WORK TASK. Please write out exactly, and only, the lines from the first in the material below to the line containing "text \<open>A generalized", both included.
▽
(* Let $X$ be a Banach space, $C\subset X$ a nonempty generalized polyhedral convex set, and $f(x)=\frac12\langle Mx,x\rangle+\langle q,x\rangle+\alpha$, where $M:X\to X^*$ is a bounded linear operator which is symmetric ($\langle Mx,y\rangle=\langle My,x\rangle$ for all $x,y\in X$), $q\in X^*$, $\alpha\in\mathbb R$. If $\bar x$ is a local minimum of $\min\{f(x)\mid x\in C\}$, then: (c0) $\langle M\bar x+q,v\rangle\ge0$ for all $v\in T_C(\bar x)$; (c1') for every $v\in T_C(\bar x)$ with $\langle M\bar x+q,v\rangle=0$, one has $\langle M\bar x+q,w\rangle\ge0$ for all $w\in T^2_C(\bar x,v)$; (c2') $\langle Mv,v\rangle\ge 0$ for all $v\in T_C(\bar x)$ with $\langle M\bar x+q,v\rangle=0$. *)

theory Defs
  imports "HOL-Analysis.Analysis"
begin

definition gen_polyhedral :: "'a::real_normed_vector set \<Rightarrow> bool" where
  "gen_polyhedral C \<longleftrightarrow>
     (\<exists>L (m::nat) (xs :: nat \<Rightarrow> ('a \<Rightarrow>\<^sub>L real)) (a :: nat \<Rightarrow> real).
        affine L \<and> closed L \<and> C = {x \<in> L. \<forall>i<m. blinfun_apply (xs i) x \<le> a i})"

definition tangent_cone :: "'a::real_normed_vector set \<Rightarrow> 'a \<Rightarrow> 'a set" where
  "tangent_cone C x = {v. \<exists>(t :: nat \<Rightarrow> real) (w :: nat \<Rightarrow> 'a).
      (\<forall>k. t k > 0) \<and> t \<longlonglongrightarrow> 0 \<and> w \<longlonglongrightarrow> v \<and> (\<forall>k. x + t k *\<^sub>R w k \<in> C)}"

definition second_order_tangent_set :: "'a::real_normed_vector set \<Rightarrow> 'a \<Rightarrow> 'a \<Rightarrow> 'a set" where
  "second_order_tangent_set C x v = {w. \<exists>(t :: nat \<Rightarrow> real) (u :: nat \<Rightarrow> 'a).
      (\<forall>k. t k > 0) \<and> t \<longlonglongrightarrow> 0 \<and> u \<longlonglongrightarrow> w \<and>
      (\<forall>k. x + t k *\<^sub>R v + ((t k)\<^sup>2 / 2) *\<^sub>R u k \<in> C)}"

end

theory Submission
  imports Defs
begin

text \<open>A generalized polyhedral convex set is, near each of its points, a cone: every tangent
direction v at x is a feasible direction, i.e. x + s v \<in> C for all small s > 0. Along such a ray
the quadratic objective is s \<mapsto> f x + s \<langle>Mx + q, v\<rangle> + (s^2/2) \<langle>Mv, v\<rangle>, so local minimality yields
(c0) and (c2') directly. Convexity gives the first-order inequality \<langle>Mx + q, y - x\<rangle> \<ge> 0 for
all y \<in> C; applied to the points x + t v + (t^2/2) u defining a second-order tangent vector with
\<langle>Mx + q, v\<rangle> = 0 it yields (c1').\<close>

lemma tangent_cone_mono:
  assumes "C \<subseteq> D"
  shows "tangent_cone C x \<subseteq> tangent_cone D x"
  using assms unfolding tangent_cone_def by blast

lemma tangent_cone_closed_affine:
  assumes "affine L" "closed L" "x \<in> L" "v \<in> tangent_cone L x"
  shows "x + s *\<^sub>R v \<in> L"
proof -
  obtain t w where t: "\<And>k. t k > 0" and w: "w \<longlonglongrightarrow> v" and tw: "\<And>k. x + t k *\<^sub>R w k \<in> L"
    using assms(4) unfolding tangent_cone_def by blast
  have "x + s *\<^sub>R w k \<in> L" for k
  proof -
    have "(1 - s / t k) *\<^sub>R x + (s / t k) *\<^sub>R (x + t k *\<^sub>R w k) \<in> L"
      using assms(1,3) tw unfolding affine_def by auto
    moreover have "(1 - s / t k) *\<^sub>R x + (s / t k) *\<^sub>R (x + t k *\<^sub>R w k) = x + s *\<^sub>R w k"
      using t[of k] by (simp add: algebra_simps)
    ultimately show ?thesis by simp
  qed
  moreover have "(\<lambda>k. x + s *\<^sub>R w k) \<longlonglongrightarrow> x + s *\<^sub>R v"
    using w by (intro tendsto_intros)
  ultimately show ?thesis by (rule closed_sequentially[OF assms(2)])
qed

lemma tangent_cone_halfspace:
  fixes l :: "'a::real_normed_vector \<Rightarrow>\<^sub>L real"
  assumes "l x \<le> a" "v \<in> tangent_cone {y. l y \<le> a} x"
  shows "eventually (\<lambda>s. l (x + s *\<^sub>R v) \<le> a) (at_right 0)"
proof (cases "l x < a")
  case True
  have "((\<lambda>s. l x + s * l v) \<longlongrightarrow> l x + 0 * l v) (at_right 0)"
    by (intro tendsto_intros)
  then have "eventually (\<lambda>s. l x + s * l v < a) (at_right 0)"
    using True order_tendstoD(2) by fastforce
  then show ?thesis
    by eventually_elim (simp add: blinfun.add_right blinfun.scaleR_right)
next
  case False
  with assms(1) have active: "l x = a" by simp
  obtain t w where t: "\<And>k. t k > 0" and w: "w \<longlonglongrightarrow> v" and tw: "\<And>k. l (x + t k *\<^sub>R w k) \<le> a"
    using assms(2) unfolding tangent_cone_def by blast
  have "l (w k) \<le> 0" for k
    using tw[of k] t[of k] active
    by (simp add: blinfun.add_right blinfun.scaleR_right mult_le_0_iff)
  moreover have "(\<lambda>k. l (w k)) \<longlonglongrightarrow> l v"
    using w by (intro tendsto_intros)
  ultimately have "l v \<le> 0"
    by (simp add: tendsto_upperbound)
  show ?thesis
    using eventually_at_right_less[of "0::real"]
  proof eventually_elim
    case (elim s)
    with \<open>l v \<le> 0\<close> show ?case
      by (simp add: active blinfun.add_right blinfun.scaleR_right mult_le_0_iff)
  qed
qed

lemma gen_polyhedral_tangent_cone_feasible:
  assumes "gen_polyhedral C" "x \<in> C" "v \<in> tangent_cone C x"
  shows "eventually (\<lambda>s. x + s *\<^sub>R v \<in> C) (at_right 0)"
proof -
  obtain L and m :: nat and xs and a :: "nat \<Rightarrow> real" where L: "affine L" "closed L"
    and C: "C = {y \<in> L. \<forall>i<m. blinfun_apply (xs i) y \<le> a i}"
    using assms(1) unfolding gen_polyhedral_def by blast
  have "C \<subseteq> L"
    using C by blast
  then have in_L: "x + s *\<^sub>R v \<in> L" for s
    using tangent_cone_closed_affine[OF L] tangent_cone_mono assms(2,3) by (meson subsetD)
  have "eventually (\<lambda>s. \<forall>i\<in>{..<m}. xs i (x + s *\<^sub>R v) \<le> a i) (at_right 0)"
  proof (intro eventually_ball_finite ballI)
    fix i assume "i \<in> {..<m}"
    then have "C \<subseteq> {y. xs i y \<le> a i}" and active: "xs i x \<le> a i"
      using C assms(2) by auto
    then have "v \<in> tangent_cone {y. xs i y \<le> a i} x"
      using tangent_cone_mono assms(3) by blast
    with active show "eventually (\<lambda>s. xs i (x + s *\<^sub>R v) \<le> a i) (at_right 0)"
      by (rule tangent_cone_halfspace)
  qed simp
  then show ?thesis
    by (rule eventually_mono) (simp add: C in_L)
qed

lemma gen_polyhedral_convex:
  assumes "gen_polyhedral C"
  shows "convex C"
proof -
  obtain L and m :: nat and xs and a :: "nat \<Rightarrow> real" where L: "affine L"
    and C: "C = {y \<in> L. \<forall>i<m. blinfun_apply (xs i) y \<le> a i}"
    using assms unfolding gen_polyhedral_def by blast
  have "C = L \<inter> (\<Inter>i<m. {y. xs i y \<le> a i})"
    using C by auto
  moreover have "convex {y. xs i y \<le> a i}" for i
    using convex_linear_vimage[OF bounded_linear.linear[OF blinfun.bounded_linear_right],
        OF convex_real_interval(2)[of "a i"]]
    by (simp add: vimage_def)
  ultimately show ?thesis
    using affine_imp_convex[OF L] by (auto intro!: convex_Int convex_INT)
qed

lemma convex_eventually_feasible:
  assumes "convex C" "x \<in> C" "y \<in> C"
  shows "eventually (\<lambda>s. x + s *\<^sub>R (y - x) \<in> C) (at_right 0)"
  unfolding eventually_at_right_field
proof (intro exI[of _ 1] conjI allI impI)
  fix s :: real assume "0 < s" "s < 1"
  then have "(1 - s) *\<^sub>R x + s *\<^sub>R y \<in> C"
    using assms convexD_alt[of C x y s] by simp
  then show "x + s *\<^sub>R (y - x) \<in> C"
    by (simp add: algebra_simps)
qed simp

lemma second_order_tangent_set_nonneg:
  fixes g :: "'a::real_normed_vector \<Rightarrow>\<^sub>L real"
  assumes "\<And>y. y \<in> C \<Longrightarrow> 0 \<le> g (y - x)" "g v = 0" "w \<in> second_order_tangent_set C x v"
  shows "0 \<le> g w"
proof -
  obtain t u where t: "\<And>k. t k > 0" and u: "u \<longlonglongrightarrow> w"
    and tu: "\<And>k. x + t k *\<^sub>R v + ((t k)\<^sup>2 / 2) *\<^sub>R u k \<in> C"
    using assms(3) unfolding second_order_tangent_set_def by blast
  have "0 \<le> g (u k)" for k
  proof -
    have "0 \<le> ((t k)\<^sup>2 / 2) * g (u k)"
      using assms(1)[OF tu[of k]] assms(2) by (simp add: blinfun.add_right blinfun.scaleR_right)
    then show ?thesis
      using t[of k] by (simp add: zero_le_mult_iff)
  qed
  moreover have "(\<lambda>k. g (u k)) \<longlonglongrightarrow> g w"
    using u by (intro tendsto_intros)
  ultimately show ?thesis
    by (simp add: tendsto_lowerbound)
qed

lemma local_min_eventually_along_ray:
  fixes f :: "'a::real_normed_vector \<Rightarrow> real"
  assumes "\<exists>\<epsilon>>0. \<forall>y\<in>C. norm (y - x) < \<epsilon> \<longrightarrow> f x \<le> f y"
    and "eventually (\<lambda>s. x + s *\<^sub>R d \<in> C) (at_right 0)"
  shows "eventually (\<lambda>s. f x \<le> f (x + s *\<^sub>R d)) (at_right 0)"
proof -
  obtain \<epsilon> where "\<epsilon> > 0" and min: "\<And>y. y \<in> C \<Longrightarrow> norm (y - x) < \<epsilon> \<Longrightarrow> f x \<le> f y"
    using assms(1) by blast
  have "((\<lambda>s. norm (s *\<^sub>R d)) \<longlongrightarrow> norm ((0::real) *\<^sub>R d)) (at_right 0)"
    by (intro tendsto_intros)
  then have "eventually (\<lambda>s. norm (s *\<^sub>R d) < \<epsilon>) (at_right (0::real))"
    using \<open>\<epsilon> > 0\<close> order_tendstoD(2) by fastforce
  with assms(2) show ?thesis
    by eventually_elim (auto intro: min)
qed

lemma eventually_nonneg_quadratic_coeffs:
  fixes a b :: real
  assumes "eventually (\<lambda>s. 0 \<le> s * a + s\<^sup>2 * b) (at_right 0)"
  shows "0 \<le> a" and "a = 0 \<Longrightarrow> 0 \<le> b"
proof -
  have "eventually (\<lambda>s. 0 \<le> a + s * b) (at_right 0)"
    using assms eventually_at_right_less[of "0::real"]
  proof eventually_elim
    case (elim s)
    then have "0 \<le> s * (a + s * b)"
      by (simp add: power2_eq_square algebra_simps)
    with elim show ?case
      by (simp add: zero_le_mult_iff)
  qed
  moreover have "((\<lambda>s. a + s * b) \<longlongrightarrow> a + 0 * b) (at_right 0)"
    by (intro tendsto_intros)
  ultimately show "0 \<le> a"
    using tendsto_lowerbound[of "\<lambda>s. a + s * b"] by simp
next
  assume "a = 0"
  have "eventually (\<lambda>s. 0 < s \<and> 0 \<le> s\<^sup>2 * b) (at_right (0::real))"
    using assms eventually_at_right_less[of "0::real"] by eventually_elim (simp add: \<open>a = 0\<close>)
  then obtain s :: real where "s > 0" "0 \<le> s\<^sup>2 * b"
    using eventually_happens'[OF trivial_limit_at_right_real] by blast
  then show "0 \<le> b"
    by (simp add: zero_le_mult_iff)
qed

lemma symmetric_quadratic_along_ray:
  fixes M :: "'a::real_normed_vector \<Rightarrow> ('a \<Rightarrow>\<^sub>L real)" and q :: "'a \<Rightarrow>\<^sub>L real"
  assumes "linear M" "\<And>x y. M x y = M y x"
  shows "1/2 * M (x + s *\<^sub>R d) (x + s *\<^sub>R d) + q (x + s *\<^sub>R d)
    = 1/2 * M x x + q x + s * (M x + q) d + s\<^sup>2 * (M d d / 2)"
proof -
  have "M (x + s *\<^sub>R d) = M x + s *\<^sub>R M d"
    using assms(1) by (simp add: linear_add linear_scale)
  moreover have "M d x = M x d"
    using assms(2) by simp
  ultimately show ?thesis
    by (simp add: blinfun.add_left blinfun.add_right blinfun.scaleR_left
        blinfun.scaleR_right power2_eq_square algebra_simps)
qed

theorem theorem3p4:
  fixes C :: "'a::banach set" and M :: "'a \<Rightarrow> ('a \<Rightarrow>\<^sub>L real)"
    and q :: "'a \<Rightarrow>\<^sub>L real" and \<alpha> :: real and xb :: 'a and f :: "'a \<Rightarrow> real"
  assumes "C \<noteq> {}" and "gen_polyhedral C"
    and "bounded_linear M"
    and "\<forall>x y. blinfun_apply (M x) y = blinfun_apply (M y) x"
    and "f = (\<lambda>x. 1/2 * blinfun_apply (M x) x + blinfun_apply q x + \<alpha>)"
    and "xb \<in> C"
    and "\<exists>\<epsilon>>0. \<forall>x\<in>C. norm (x - xb) < \<epsilon> \<longrightarrow> f xb \<le> f x"
  shows "(\<forall>v \<in> tangent_cone C xb. blinfun_apply (M xb + q) v \<ge> 0) \<and>
         (\<forall>v \<in> tangent_cone C xb. blinfun_apply (M xb + q) v = 0 \<longrightarrow>
            (\<forall>w \<in> second_order_tangent_set C xb v. blinfun_apply (M xb + q) w \<ge> 0)) \<and>
         (\<forall>v \<in> tangent_cone C xb. blinfun_apply (M xb + q) v = 0 \<longrightarrow>
            blinfun_apply (M v) v \<ge> 0)"
proof -
  define g where "g = M xb + q"
  have ray: "0 \<le> g d" "g d = 0 \<Longrightarrow> 0 \<le> M d d / 2"
    if "eventually (\<lambda>s. xb + s *\<^sub>R d \<in> C) (at_right 0)" for d
  proof -
    have "f (xb + s *\<^sub>R d) = f xb + s * g d + s\<^sup>2 * (M d d / 2)" for s
      using symmetric_quadratic_along_ray[OF bounded_linear.linear[OF assms(3)] assms(4)[rule_format]]
      by (simp add: assms(5) g_def)
    then have "eventually (\<lambda>s. 0 \<le> s * g d + s\<^sup>2 * (M d d / 2)) (at_right 0)"
      using local_min_eventually_along_ray[OF assms(7) that] by simp
    then show "0 \<le> g d" "g d = 0 \<Longrightarrow> 0 \<le> M d d / 2"
      by (rule eventually_nonneg_quadratic_coeffs)+
  qed
  have first_order: "0 \<le> g (y - xb)" if "y \<in> C" for y
    using ray(1) convex_eventually_feasible[OF gen_polyhedral_convex[OF assms(2)] assms(6) that] .
  have "0 \<le> g v" and "g v = 0 \<Longrightarrow> 0 \<le> M v v / 2" if "v \<in> tangent_cone C xb" for v
    using ray gen_polyhedral_tangent_cone_feasible[OF assms(2,6) that] by blast+
  with second_order_tangent_set_nonneg[OF first_order] show ?thesis
    unfolding g_def by auto
qed

end
text \<open>
  Let \<open>\<Pi>_j\<close> be the product of \<open>\<alpha>(y_\<mu>)/\<beta>(y_\<mu>)\<close> over \<open>\<mu> \<le> j\<close> and
  \<open>F_j = \<Sum>_{\<nu><j} k_\<nu> \<Pi>_\<nu>\<close>. Then \<open>k_{i,j} \<Pi>_i = F_{j+1} - F_i\<close>, and \<open>\<Pi>_j\<close> depends only on
  \<open>\<rho>(w_{0,j})\<close>. So, with the phase \<open>u_i = F_i / (\<Pi>_i \<beta>(y_i))\<close>, the relation \<open>i \<sim>_C j\<close> says
  that \<open>y_i = bar y_j\<close>, that the \<open>\<rho>\<close>-vectors on both sides of the two edges match, and that
  \<open>u_i - u_j\<close> is an integer.

  Freely reduce \<open>[1] \<cdots> [n]\<close> with a stack. Each cancellation of the top \<open>[q]\<close> against \<open>[p+1]\<close>
  is a pinch \<open>y_q b^{\<beta> m} bar y_q = a^{\<alpha> m}\<close>, so the indices left on the stack span a
  factorization equal to \<open>w\<close> whose vertex exponents are the integers \<open>k_{i,j}\<close>. By confluence of
  free reduction the stack carries the same classes as \<open>i_1, \<dots>, i_j\<close>; indices of one class have the
  same edge, the same \<open>\<rho>\<close>-data and phases differing by integers, so sliding powers across edges
  with \<open>a^{\<alpha> m} y = y b^{\<beta> m}\<close> turns the stack factorization into \<open>w-hat\<close>. Finally, a pinch
  inside \<open>w-hat\<close> would make two consecutive chosen indices \<open>\<sim>_C\<close>-related, contradicting free
  reducedness.
\<close>

section \<open>Free reduction by a stack\<close>

definition stack_push :: "('a \<Rightarrow> 'a) \<Rightarrow> 'a list \<Rightarrow> 'a \<Rightarrow> 'a list" where
  "stack_push s st x = (case st of [] \<Rightarrow> [x] | z # zs \<Rightarrow> if x = s z then zs else x # st)"

definition stack_reduce :: "('a \<Rightarrow> 'a) \<Rightarrow> 'a list \<Rightarrow> 'a list" where
  "stack_reduce s w = foldl (stack_push s) [] w"

fun reduced_stack :: "('a \<Rightarrow> 'a) \<Rightarrow> 'a list \<Rightarrow> bool" where
  "reduced_stack s (z # z' # zs) \<longleftrightarrow> z \<noteq> s z' \<and> reduced_stack s (z' # zs)"
| "reduced_stack s _ \<longleftrightarrow> True"

lemma reduced_stack_tl: "reduced_stack s (z # zs) \<Longrightarrow> reduced_stack s zs"
  by (cases zs) auto

lemma reduced_stack_foldl_push:
  "reduced_stack s st \<Longrightarrow> reduced_stack s (foldl (stack_push s) st w)"
proof (induction w arbitrary: st)
  case (Cons x w)
  have "reduced_stack s (stack_push s st x)"
    using Cons.prems unfolding stack_push_def by (cases st) (auto dest: reduced_stack_tl)
  then show ?case using Cons.IH by simp
qed simp

lemma set_foldl_stack_push: "set (foldl (stack_push s) st w) \<subseteq> set st \<union> set w"
proof (induction w arbitrary: st)
  case (Cons x w)
  have "set (stack_push s st x) \<subseteq> insert x (set st)"
    unfolding stack_push_def by (cases st) auto
  then show ?case using Cons.IH[of "stack_push s st x"] by auto
qed simp

lemma stack_push_inverse:
  assumes "reduced_stack s st" and "\<forall>z\<in>set st. s (s z) = z"
  shows "stack_push s (stack_push s st x) (s x) = st"
proof (cases st)
  case (Cons z zs)
  then show ?thesis
    using assms unfolding stack_push_def by (cases zs) auto
qed (simp add: stack_push_def)

lemma stack_reduce_cancel:
  assumes "\<forall>z\<in>set u. s (s z) = z"
  shows "stack_reduce s (u @ [x, s x] @ v) = stack_reduce s (u @ v)"
proof -
  let ?st = "foldl (stack_push s) [] u"
  have "reduced_stack s ?st" by (rule reduced_stack_foldl_push) simp
  moreover have "\<forall>z\<in>set ?st. s (s z) = z" using set_foldl_stack_push[of s "[]" u] assms by auto
  ultimately show ?thesis unfolding stack_reduce_def by (simp add: stack_push_inverse)
qed

text \<open>\<open>s\<close> need only be involutive on the image of a projection \<open>f\<close> commuting with it: below,
  \<open>sigma_bar\<close> is an involution on the letters of \<open>\<Sigma>\<^sub>w\<close> but not on all of its type.\<close>

lemma stack_reduce_free_eq:
  assumes commute: "\<And>x. s (f x) = f (s x)" and invol: "\<And>x. s (s (f x)) = f x"
    and "free_eq s w1 w2"
  shows "stack_reduce s (map f w1) = stack_reduce s (map f w2)"
proof -
  have step: "stack_reduce s (map f a) = stack_reduce s (map f b)" if ab: "(a, b) \<in> free_step s" for a b
  proof -
    obtain u x v where uxv: "a = u @ [x, s x] @ v" "b = u @ v"
      using ab unfolding free_step_def by auto
    have "map f a = map f u @ [f x, s (f x)] @ map f v" using uxv commute by simp
    then show ?thesis using uxv stack_reduce_cancel[of "map f u" s] invol by simp
  qed
  have "(w1, w2) \<in> (free_step s \<union> (free_step s)\<inverse>)\<^sup>*" using assms(3) unfolding free_eq_def .
  then show ?thesis
    by (induction rule: rtrancl_induct) (auto dest: step)
qed

lemma stack_reduce_freely_reduced: "freely_reduced s w \<Longrightarrow> stack_reduce s w = rev w"
proof (induction w rule: rev_induct)
  case (snoc x w)
  have "freely_reduced s w"
    using snoc.prems unfolding freely_reduced_def by (metis append.assoc)
  moreover have "x \<noteq> s (last w)" if "w \<noteq> []"
  proof
    assume "x = s (last w)"
    then have "w @ [x] = butlast w @ [last w, s (last w)] @ []" using that by simp
    then show False using snoc.prems unfolding freely_reduced_def by blast
  qed
  ultimately show ?case using snoc.IH unfolding stack_reduce_def stack_push_def
    by (cases w rule: rev_cases) (auto split: list.split)
qed (simp add: stack_reduce_def)

lemma freely_reduced_nth:
  assumes "freely_reduced s xs" and "Suc l < length xs"
  shows "xs ! Suc l \<noteq> s (xs ! l)"
proof
  assume "xs ! Suc l = s (xs ! l)"
  moreover have "xs = take l xs @ xs ! l # drop (Suc l) xs" "drop (Suc l) xs = xs ! Suc l # drop (Suc (Suc l)) xs"
    using assms(2) by (simp_all add: id_take_nth_drop Cons_nth_drop_Suc)
  ultimately have "xs = take l xs @ [xs ! l, s (xs ! l)] @ drop (Suc (Suc l)) xs" by simp
  then show False using assms(1) unfolding freely_reduced_def by blast
qed

text \<open>The same algorithm on positions \<open>i\<close> labelled by \<open>L i\<close>, so that the stack remembers where
  its letters come from.\<close>

definition stack_push_by :: "('b \<Rightarrow> 'a) \<Rightarrow> ('a \<Rightarrow> 'a) \<Rightarrow> 'b list \<Rightarrow> 'b \<Rightarrow> 'b list" where
  "stack_push_by L s st i = (case st of [] \<Rightarrow> [i] | j # js \<Rightarrow> if L i = s (L j) then js else i # st)"

lemma map_foldl_stack_push_by:
  "map L (foldl (stack_push_by L s) st w) = foldl (stack_push s) (map L st) (map L w)"
proof (induction w arbitrary: st)
  case (Cons i w)
  have "map L (stack_push_by L s st i) = stack_push s (map L st) (L i)"
    unfolding stack_push_by_def stack_push_def by (cases st) auto
  then show ?case using Cons.IH by simp
qed simp

section \<open>The presented group\<close>

locale gbs =
  fixes V :: "'v set" and E :: "'e set" and iota tau :: "'e \<Rightarrow> 'v" and bar :: "'e \<Rightarrow> 'e"
    and alpha beta :: "'e \<Rightarrow> int"
  assumes graph: "gbs_graph V E iota tau bar alpha beta"
begin

lemma
  assumes "e \<in> E"
  shows bar_in_E: "bar e \<in> E" and bar_neq: "bar e \<noteq> e" and bar_bar: "bar (bar e) = e"
    and tau_bar: "tau (bar e) = iota e"
    and alpha_nonzero: "alpha e \<noteq> 0" and beta_nonzero: "beta e \<noteq> 0"
    and beta_bar: "beta (bar e) = alpha e" and alpha_bar: "alpha (bar e) = beta e"
proof -
  have edges: "\<And>e. e \<in> E \<Longrightarrow> bar e \<in> E \<and> bar e \<noteq> e \<and> bar (bar e) = e \<and>
      iota (bar e) = tau e \<and> alpha e \<noteq> 0 \<and> beta e \<noteq> 0 \<and> alpha e = beta (bar e)"
    using graph unfolding gbs_graph_def by blast
  show "bar e \<in> E" "bar e \<noteq> e" "bar (bar e) = e" "alpha e \<noteq> 0" "beta e \<noteq> 0" "beta (bar e) = alpha e"
    using edges[OF assms] by auto
  show "tau (bar e) = iota e" "alpha (bar e) = beta e"
    using edges[OF assms] edges[of "bar e"] by metis+
qed

abbreviation FG where "FG \<equiv> FG_eq E iota tau bar alpha beta"

abbreviation ge :: "'e \<Rightarrow> ('v, 'e) letter" where "ge e \<equiv> (GE e, True)"

lemma FG_refl [simp, intro]: "FG u u"
  unfolding FG_eq_def by simp

lemma FG_trans [trans]: "FG u v \<Longrightarrow> FG v w \<Longrightarrow> FG u w"
  unfolding FG_eq_def by simp

lemma FG_sym: "FG u v \<Longrightarrow> FG v u"
  unfolding FG_eq_def by (metis converse_Un converse_converse rtrancl_converseI sup_commute)

lemma FG_context:
  assumes "FG a b"
  shows "FG (c @ a @ d) (c @ b @ d)"
proof -
  let ?R = "pres_step E iota tau bar alpha beta"
  have "(c @ a' @ d, c @ b' @ d) \<in> ?R" if "(a', b') \<in> ?R" for a' b'
  proof -
    from that consider (free) u x v where "a' = u @ [x, inv_letter x] @ v" "b' = u @ v"
      | (rel) u r v where "a' = u @ r @ v" "b' = u @ v" "r \<in> relators E iota tau bar alpha beta"
      unfolding pres_step_def by auto
    then show ?thesis
    proof cases
      case free
      then show ?thesis unfolding pres_step_def
        by (intro UnI1 CollectI exI[of _ "c @ u"] exI[of _ x] exI[of _ "v @ d"]) simp
    next
      case rel
      then show ?thesis unfolding pres_step_def
        by (intro UnI2 CollectI exI[of _ "c @ u"] exI[of _ r] exI[of _ "v @ d"]) simp
    qed
  qed
  note step = this
  have "(a, b) \<in> (?R \<union> ?R\<inverse>)\<^sup>*" using assms unfolding FG_eq_def .
  then show ?thesis
    unfolding FG_eq_def by (induction rule: rtrancl_induct) (blast intro: rtrancl_into_rtrancl step)+
qed

lemma FG_subst: "FG a b \<Longrightarrow> u = c @ a @ d \<Longrightarrow> v = c @ b @ d \<Longrightarrow> FG u v"
  using FG_context by blast

lemma FG_append: "FG a a' \<Longrightarrow> FG b b' \<Longrightarrow> FG (a @ b) (a' @ b')"
  using FG_context[of a a' "[]" b] FG_context[of b b' a' "[]"] FG_trans by auto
△
EXERCISE RESPONSE.
(* Let $X$ be a Banach space, $C\subset X$ a nonempty generalized polyhedral convex set, and $f(x)=\frac12\langle Mx,x\rangle+\langle q,x\rangle+\alpha$, where $M:X\to X^*$ is a bounded linear operator which is symmetric ($\langle Mx,y\rangle=\langle My,x\rangle$ for all $x,y\in X$), $q\in X^*$, $\alpha\in\mathbb R$. If $\bar x$ is a local minimum of $\min\{f(x)\mid x\in C\}$, then: (c0) $\langle M\bar x+q,v\rangle\ge0$ for all $v\in T_C(\bar x)$; (c1') for every $v\in T_C(\bar x)$ with $\langle M\bar x+q,v\rangle=0$, one has $\langle M\bar x+q,w\rangle\ge0$ for all $w\in T^2_C(\bar x,v)$; (c2') $\langle Mv,v\rangle\ge 0$ for all $v\in T_C(\bar x)$ with $\langle M\bar x+q,v\rangle=0$. *)

theory Defs
  imports "HOL-Analysis.Analysis"
begin

definition gen_polyhedral :: "'a::real_normed_vector set \<Rightarrow> bool" where
  "gen_polyhedral C \<longleftrightarrow>
     (\<exists>L (m::nat) (xs :: nat \<Rightarrow> ('a \<Rightarrow>\<^sub>L real)) (a :: nat \<Rightarrow> real).
        affine L \<and> closed L \<and> C = {x \<in> L. \<forall>i<m. blinfun_apply (xs i) x \<le> a i})"

definition tangent_cone :: "'a::real_normed_vector set \<Rightarrow> 'a \<Rightarrow> 'a set" where
  "tangent_cone C x = {v. \<exists>(t :: nat \<Rightarrow> real) (w :: nat \<Rightarrow> 'a).
      (\<forall>k. t k > 0) \<and> t \<longlonglongrightarrow> 0 \<and> w \<longlonglongrightarrow> v \<and> (\<forall>k. x + t k *\<^sub>R w k \<in> C)}"

definition second_order_tangent_set :: "'a::real_normed_vector set \<Rightarrow> 'a \<Rightarrow> 'a \<Rightarrow> 'a set" where
  "second_order_tangent_set C x v = {w. \<exists>(t :: nat \<Rightarrow> real) (u :: nat \<Rightarrow> 'a).
      (\<forall>k. t k > 0) \<and> t \<longlonglongrightarrow> 0 \<and> u \<longlonglongrightarrow> w \<and>
      (\<forall>k. x + t k *\<^sub>R v + ((t k)\<^sup>2 / 2) *\<^sub>R u k \<in> C)}"

end

theory Submission
  imports Defs
begin

text \<open>A generalized polyhedral convex set is, near each of its points, a cone: every tangent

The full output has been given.